:: Records provided

lemma fully_separable_product_expectation:
  assumes "fully_separable m d \<rho>"
  obtains K :: nat and p \<sigma> where "\<forall>k<K. 0 \<le> p k" "(\<Sum>k<K. p k) = 1"
    "\<forall>k<K. \<forall>i<m. density_matrix (d i) (\<sigma> k i)"
    "\<And>Q. \<forall>i<m. hermitian_mat (d i) (Q i) \<Longrightarrow>
       Re (mtrace (tensor_prod m Q * \<rho>)) = (\<Sum>k<K. p k * (\<Prod>i<m. Re (mtrace (Q i * \<sigma> k i))))"
proof -
  define D where "D = (\<Prod>i<m. d i)"
  obtain K :: nat and p \<sigma> where p: "\<forall>k<K. 0 \<le> p k" "(\<Sum>k<K. p k) = 1"
    and \<sigma>: "\<forall>k<K. \<forall>i<m. density_matrix (d i) (\<sigma> k i)"
    and \<rho>: "\<rho> = mat D D (\<lambda>(r, c). \<Sum>k<K. complex_of_real (p k) * tensor_prod m (\<sigma> k) $$ (r, c))"
    using assms unfolding fully_separable_def Let_def D_def[symmetric] by blast
  have h\<sigma>: "hermitian_mat (d i) (\<sigma> k i)" if "k < K" "i < m" for k i
    using \<sigma> that unfolding density_matrix_def psd_mat_def by blast
  have "Re (mtrace (tensor_prod m Q * \<rho>)) = (\<Sum>k<K. p k * (\<Prod>i<m. Re (mtrace (Q i * \<sigma> k i))))"
    if Q: "\<forall>i<m. hermitian_mat (d i) (Q i)" for Q
  proof -
    have real: "mtrace (Q i * \<sigma> k i) = complex_of_real (Re (mtrace (Q i * \<sigma> k i)))"
      if "k < K" "i < m" for k i
      using mtrace_hermitian_mult[of "d i" "Q i" "\<sigma> k i"] Q h\<sigma> that by simp
    have cQ: "tensor_prod m Q \<in> carrier_mat D D"
      unfolding D_def using Q by (intro tensor_prod_carrier) (simp add: hermitian_mat_carrier)
    have c\<sigma>: "\<forall>k<K. tensor_prod m (\<sigma> k) \<in> carrier_mat D D"
      unfolding D_def using h\<sigma> by (simp add: tensor_prod_carrier hermitian_mat_carrier)
    have "mtrace (tensor_prod m Q * \<rho>)
        = (\<Sum>k<K. complex_of_real (p k) * mtrace (tensor_prod m Q * tensor_prod m (\<sigma> k)))"
      unfolding \<rho> by (rule mtrace_mult_convex_combination[OF cQ c\<sigma>])
    also have "\<dots> = (\<Sum>k<K. complex_of_real (p k) * (\<Prod>i<m. complex_of_real (Re (mtrace (Q i * \<sigma> k i)))))"
    proof (intro sum.cong refl arg_cong2[where f = "(*)"])
      fix k assume k: "k \<in> {..<K}"
      have "mtrace (tensor_prod m Q * tensor_prod m (\<sigma> k)) = (\<Prod>i<m. mtrace (Q i * \<sigma> k i))"
        using Q h\<sigma> k by (intro mtrace_tensor_prod_mult[where d = d]) (simp add: hermitian_mat_carrier)
      also have "\<dots> = (\<Prod>i<m. complex_of_real (Re (mtrace (Q i * \<sigma> k i))))"
        using real k by (intro prod.cong) auto
      finally show "mtrace (tensor_prod m Q * tensor_prod m (\<sigma> k))
          = (\<Prod>i<m. complex_of_real (Re (mtrace (Q i * \<sigma> k i))))" .
    qed
    also have "\<dots> = complex_of_real (\<Sum>k<K. p k * (\<Prod>i<m. Re (mtrace (Q i * \<sigma> k i))))"
      by simp
    finally show ?thesis
      by (metis Re_complex_of_real)
  qed
  with p \<sigma> that show ?thesis by blast
qed

lemma sic_povm_product_state_sum_le:
  fixes \<tau> :: "nat \<Rightarrow> nat \<Rightarrow> nat"
  assumes m: "m \<ge> 2" and d: "\<forall>i<m. d i \<ge> 2" and sic: "\<forall>i<m. general_sic_povm (d i) (a i) (P i)"
    and \<sigma>: "\<forall>i<m. density_matrix (d i) (\<sigma> i)"
    and \<tau>: "\<forall>i<m. inj_on (\<tau> i) {..<dd} \<and> \<tau> i ` {..<dd} \<subseteq> {..<d i ^ 2}"
  shows "(\<Sum>j<dd. \<Prod>i<m. Re (mtrace (P i (\<tau> i j) * \<sigma> i)))
       \<le> (1 / real m) * (\<Sum>i<m. (a i * real (d i) ^ 2 + 1) / (real (d i) * (real (d i) + 1)))"
proof (rule sum_prod_le_mean_bound[OF m _ _ \<tau>])
  show "\<forall>i<m. (\<Sum>\<alpha><d i ^ 2. (Re (mtrace (P i \<alpha> * \<sigma> i)))^2)
      \<le> (a i * real (d i) ^ 2 + 1) / (real (d i) * (real (d i) + 1))"
    using d sic \<sigma> by (simp add: general_sic_povm_sum_square_le)
  show "\<forall>i<m. (a i * real (d i) ^ 2 + 1) / (real (d i) * (real (d i) + 1)) \<le> 1"
    using d sic general_sic_povm_bound_le_one by blast
qed

lemma fully_separable_sic_povm_sum_le:
  fixes \<tau> :: "nat \<Rightarrow> nat \<Rightarrow> nat"
  assumes m: "m \<ge> 2" and d: "\<forall>i<m. d i \<ge> 2" and sic: "\<forall>i<m. general_sic_povm (d i) (a i) (P i)"
    and sep: "fully_separable m d \<rho>"
    and \<tau>: "\<forall>i<m. inj_on (\<tau> i) {..<dd} \<and> \<tau> i ` {..<dd} \<subseteq> {..<d i ^ 2}"
  shows "Re (\<Sum>j<dd. mtrace (tensor_prod m (\<lambda>i. P i (\<tau> i j)) * \<rho>))
       \<le> (1 / real m) * (\<Sum>i<m. (a i * real (d i) ^ 2 + 1) / (real (d i) * (real (d i) + 1)))"
    (is "_ \<le> ?C")
proof -
  obtain K :: nat and p \<sigma> where p: "\<forall>k<K. 0 \<le> p k" "(\<Sum>k<K. p k) = 1"
    and \<sigma>: "\<forall>k<K. \<forall>i<m. density_matrix (d i) (\<sigma> k i)"
    and expectation: "\<And>Q. \<forall>i<m. hermitian_mat (d i) (Q i) \<Longrightarrow>
       Re (mtrace (tensor_prod m Q * \<rho>)) = (\<Sum>k<K. p k * (\<Prod>i<m. Re (mtrace (Q i * \<sigma> k i))))"
    using fully_separable_product_expectation[OF sep] by blast
  have "Re (mtrace (tensor_prod m (\<lambda>i. P i (\<tau> i j)) * \<rho>))
      = (\<Sum>k<K. p k * (\<Prod>i<m. Re (mtrace (P i (\<tau> i j) * \<sigma> k i))))" if "j < dd" for j
    using that \<tau> sic by (intro expectation) (blast intro: general_sic_povm_hermitian)
  then have "Re (\<Sum>j<dd. mtrace (tensor_prod m (\<lambda>i. P i (\<tau> i j)) * \<rho>))
      = (\<Sum>j<dd. \<Sum>k<K. p k * (\<Prod>i<m. Re (mtrace (P i (\<tau> i j) * \<sigma> k i))))"
    unfolding Re_sum by (intro sum.cong refl) auto
  also have "\<dots> = (\<Sum>k<K. p k * (\<Sum>j<dd. \<Prod>i<m. Re (mtrace (P i (\<tau> i j) * \<sigma> k i))))"
    by (subst sum.swap) (simp add: sum_distrib_left)
  also have "\<dots> \<le> (\<Sum>k<K. p k * ?C)"
    using p(1) \<sigma> by (intro sum_mono mult_left_mono sic_povm_product_state_sum_le[OF m d sic _ \<tau>]) auto
  also have "\<dots> = ?C"
    unfolding sum_distrib_right[symmetric] p(2) by simp
  finally show ?thesis .
qed
lemma A_weighted_sum_ge_1:
  assumes "1 \<le> j" "j \<le> N"
  shows "1 \<le> (\<Sum>k = 1..j. A j (j - k) * integral {c (k - 1)..c k} (omega \<alpha>))"
proof -
  have "0 < c j"
    using c_cell[OF assms(1) order_refl assms(2)] by simp
  then have conv: "((\<lambda>s. kernel j s * omega \<alpha> s) has_integral 1) {0..c j}"
    using omega_convolution[of "1 - \<alpha>" \<alpha> "c j"] alpha_pos alpha_less_1
    by (simp add: kernel_def omega_def)
  have omega_integrable: "omega \<alpha> integrable_on {0..c j}"
    using has_integral_integrable[OF has_integral_omega[OF alpha_pos, of "c j"]] \<open>0 < c j\<close> by simp
  have "1 = integral {c 0..c j} (\<lambda>s. kernel j s * omega \<alpha> s)"
    using conv c_0 by (simp add: integral_unique)
  also have "\<dots> = (\<Sum>k = 1..j. integral {c (k - 1)..c k} (\<lambda>s. kernel j s * omega \<alpha> s))"
    by (rule integral_sum_cells) (use c_mono assms conv c_0 in auto)
  also have "\<dots> \<le> (\<Sum>k = 1..j. A j (j - k) * integral {c (k - 1)..c k} (omega \<alpha>))"
  proof (rule sum_mono)
    fix k assume k: "k \<in> {1..j}"
    note cell = c_cell[of k j] and on_cell = integrable_on_cell[of _ j k]
    have "integral {c (k - 1)..c k} (\<lambda>s. kernel j s * omega \<alpha> s)
        \<le> integral {c (k - 1)..c k} (kernel j) / (c k - c (k - 1)) * integral {c (k - 1)..c k} (omega \<alpha>)"
    proof (rule integral_mult_le_mean_mult_integral)
      show "kernel j x \<le> kernel j y" if "c (k - 1) < x" "x \<le> y" "y < c k" for x y
        using that cell k assms by (intro kernel_mono) auto
      show "omega \<alpha> y \<le> omega \<alpha> x" if "c (k - 1) < x" "x \<le> y" "y \<le> c k" for x y
        using that cell k assms alpha_pos alpha_less_1 by (intro omega_antimono) auto
    qed (use cell on_cell k assms kernel_integrable omega_integrable conv in auto)
    then show "integral {c (k - 1)..c k} (\<lambda>s. kernel j s * omega \<alpha> s)
        \<le> A j (j - k) * integral {c (k - 1)..c k} (omega \<alpha>)"
      using A_cell[of k j] k by simp
  qed
  finally show ?thesis .
qed

theorem dcc_bound:
  assumes "1 \<le> n" "n \<le> N"
  shows "(\<forall>k\<in>{1..n}. 0 \<le> dcc A n (n - k)) \<and> (\<Sum>j = 1..n. dcc A n (n - j)) \<le> omega (1 + \<alpha>) (c n)"
proof
  show "\<forall>k\<in>{1..n}. 0 \<le> dcc A n (n - k)"
    using A_pos A_antimono assms by (intro ballI dcc_nonneg) auto
  have omega_integrable: "omega \<alpha> integrable_on {c 0..c n}"
    using has_integral_omega[OF alpha_pos, of "c n"] c_0 c_mono[of 0 n] assms by auto
  have "(\<Sum>j = 1..n. dcc A n (n - j)) \<le> (\<Sum>k = 1..n. integral {c (k - 1)..c k} (omega \<alpha>))"
    by (rule dcc_sum_le) (use A_pos A_antimono A_weighted_sum_ge_1 assms in auto)
  also have "\<dots> = integral {c 0..c n} (omega \<alpha>)"
    by (rule integral_sum_cells[symmetric]) (use c_mono assms omega_integrable in auto)
  also have "\<dots> = omega (1 + \<alpha>) (c n)"
    using has_integral_omega[OF alpha_pos, of "c n"] c_0 c_mono[of 0 n] assms
    by (simp add: integral_unique)
  finally show "(\<Sum>j = 1..n. dcc A n (n - j)) \<le> omega (1 + \<alpha>) (c n)" .
qed

end

lemma tauhalf_eq_tmid_diff: "1 \<le> k \<Longrightarrow> tauhalf t k = tmid t k - tmid t (k - 1)"
  by (cases "k = 1") (auto simp: tmid_def tauhalf_def tau_def field_simps)

lemma averaged_kernel_acoef:
  assumes "0 < \<alpha>" "\<alpha> < 1" "t 0 = 0" and t_step: "\<And>n. 1 \<le> n \<Longrightarrow> n \<le> N \<Longrightarrow> t (n - 1) < t n"
  shows "averaged_kernel \<alpha> N (tmid t) (acoef t \<alpha>)"
proof
  show "tmid t (k - 1) < tmid t k" if "1 \<le> k" "k \<le> N" for k
  proof -
    have "0 < tau t k" and "2 \<le> k \<Longrightarrow> 0 < tau t (k - 1)"
      using t_step[of k] t_step[of "k - 1"] that by (auto simp: tau_def)
    then have "0 < tauhalf t k"
      using that by (cases "k = 1") (auto simp: tauhalf_def)
    then show ?thesis
      using tauhalf_eq_tmid_diff[OF that(1)] by simp
  qed
  show "acoef t \<alpha> j m = integral {tmid t (j - m - 1)..tmid t (j - m)} (\<lambda>s. omega (1 - \<alpha>) (tmid t j - s))
      / (tmid t (j - m) - tmid t (j - m - 1))" if "m < j" for j m
    using tauhalf_eq_tmid_diff[of "j - m" t] that by (simp add: acoef_def Let_def)
qed (use assms in \<open>simp_all add: tmid_def\<close>)

theorem lemma2p3:
  fixes T \<alpha> :: real and N :: nat and t :: "nat \<Rightarrow> real"
  assumes "T > 0" and "0 < \<alpha>" and "\<alpha> < 1"
    and "t 0 = 0" and "t N = T"
    and "\<And>n. 1 \<le> n \<Longrightarrow> n \<le> N \<Longrightarrow> t (n - 1) < t n"
    and "\<And>n. 2 \<le> n \<Longrightarrow> n \<le> N \<Longrightarrow> tau t (n - 1) \<le> tau t n"
  shows "\<forall>n\<in>{1..N}.
           (\<forall>k\<in>{1..n}. dcc (acoef t \<alpha>) n (n - k) \<ge> 0) \<and>
           (\<Sum>j = 1..n. dcc (acoef t \<alpha>) n (n - j)) \<le> omega (1 + \<alpha>) (tmid t n)"
proof
  fix n assume "n \<in> {1..N}"
  interpret averaged_kernel \<alpha> N "tmid t" "acoef t \<alpha>"
    using averaged_kernel_acoef assms(2-4,6) by blast
  show "(\<forall>k\<in>{1..n}. dcc (acoef t \<alpha>) n (n - k) \<ge> 0) \<and>
      (\<Sum>j = 1..n. dcc (acoef t \<alpha>) n (n - j)) \<le> omega (1 + \<alpha>) (tmid t n)"
    using dcc_bound \<open>n \<in> {1..N}\<close> by simp
qed

end
(* Let $n\ge 1$ and let $P=P_1\otimes\cdots\otimes P_n\in\mathcal{P}_n$ satisfy $P^2=I$ and $P\neq\pm I$. Then there exists a unique $Z$-circuit $L$ on $n$ qubits such that $L\bullet P=Z\otimes I\otimes\cdots\otimes I$.
   Context: Matrices: $X=\begin{bmatrix}0&1\\1&0\end{bmatrix}$, $Z=\begin{bmatrix}1&0\\0&-1\end{bmatrix}$, $H=\frac{1}{\sqrt2}\begin{bmatrix}1&1\\1&-1\end{bmatrix}$, $CZ=\mathrm{diag}(1,1,1,-1)$. Operators on $n$ qubits act on $(\mathbb{R}^2)^{\otimes n}$, qubit $1$ being the first tensor factor; a one-qubit gate on qubit $i$, or a two-qubit gate on qubits $i,i+1$ (with qubit $i$ the first tensor factor of the gate, called its upper qubit, and $i+1$ its lower qubit), denotes that matrix tensored with identities on the other qubits. For matrices $C,P$, $C\bullet P=CPC^{-1}$. Real Pauli group: $\mathcal{P}_n=\{\pm(P_1\otimes\cdots\otimes P_n)\mid P_i\in\{I,X,Z,XZ\}\}$. A circuit is a finite sequence of gates $g_1,\dots,g_k$ ($g_1$ applied first); its operator is $g_k\cdots g_1$, and we write $L\bullet P$ for (operator of $L$)$\bullet P$. Derived generators (formal symbols, each with a defining gate sequence; within a two-qubit symbol, subscript $1$ is the upper and $2$ the lower qubit; gates separated by commas, ";" separates steps): $A_1$ = empty, $A_2$ = $H$, $A_3$ = empty; $C_1$ = empty, $C_2$ = $H;Z;H$ (i.e. $X$); $B_1=B_5$ = $H_2;\,CZ;\,H_1,H_2;\,CZ;\,H_1,H_2;\,CZ$; $B_2=B_6$ = $CZ;\,H_1,H_2;\,CZ$; $B_3=B_7$ = $H_1;\,CZ;\,H_1,H_2;\,CZ$; $B_4=B_8$ = $H_2;\,CZ;\,H_2;\,CZ;\,H_1,H_2;\,CZ$. Symbols with equal defining sequences (e.g. $A_1,A_3$, or $B_1,B_5$) are nevertheless distinct symbols. Types: each of these symbols carries types from $\{\text{single},\text{double}\}$: $A_1,A_2$ have output type single and $A_3$ output type double; $B_j$ has an input type (on its lower qubit) and an output type (on its upper qubit): $B_1,B_2,B_3$ single$\to$single, $B_4$ single$\to$double, $B_5,B_6,B_7$ double$\to$double, $B_8$ double$\to$single; $C_1,C_2$ have input type single. A $Z$-circuit on $n$ qubits is a sequence of symbols of the following form: for some $m\in\{1,\dots,n\}$, a symbol $A_a$ on qubit $m$, then $B_{b_{m-1}}$ on qubits $m-1,m$, then $B_{b_{m-2}}$ on qubits $m-2,m-1$, ..., then $B_{b_1}$ on qubits $1,2$, then $C_c$ on qubit $1$, such that the input type of each $B$ or $C$ symbol equals the output type of the symbol immediately preceding it in this sequence. Two $Z$-circuits are equal when they have the same $m$ and the same sequence of symbols. *)

theory Defs
  imports "Jordan_Normal_Form.Matrix"
begin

::::

**Activity**
List the lines of the entries that include "thesis".

**Solution for this problem**
    finally show ?thesis
  with p \<sigma> that show ?thesis by blast
  finally show ?thesis .
  finally show ?thesis .
    then show ?thesis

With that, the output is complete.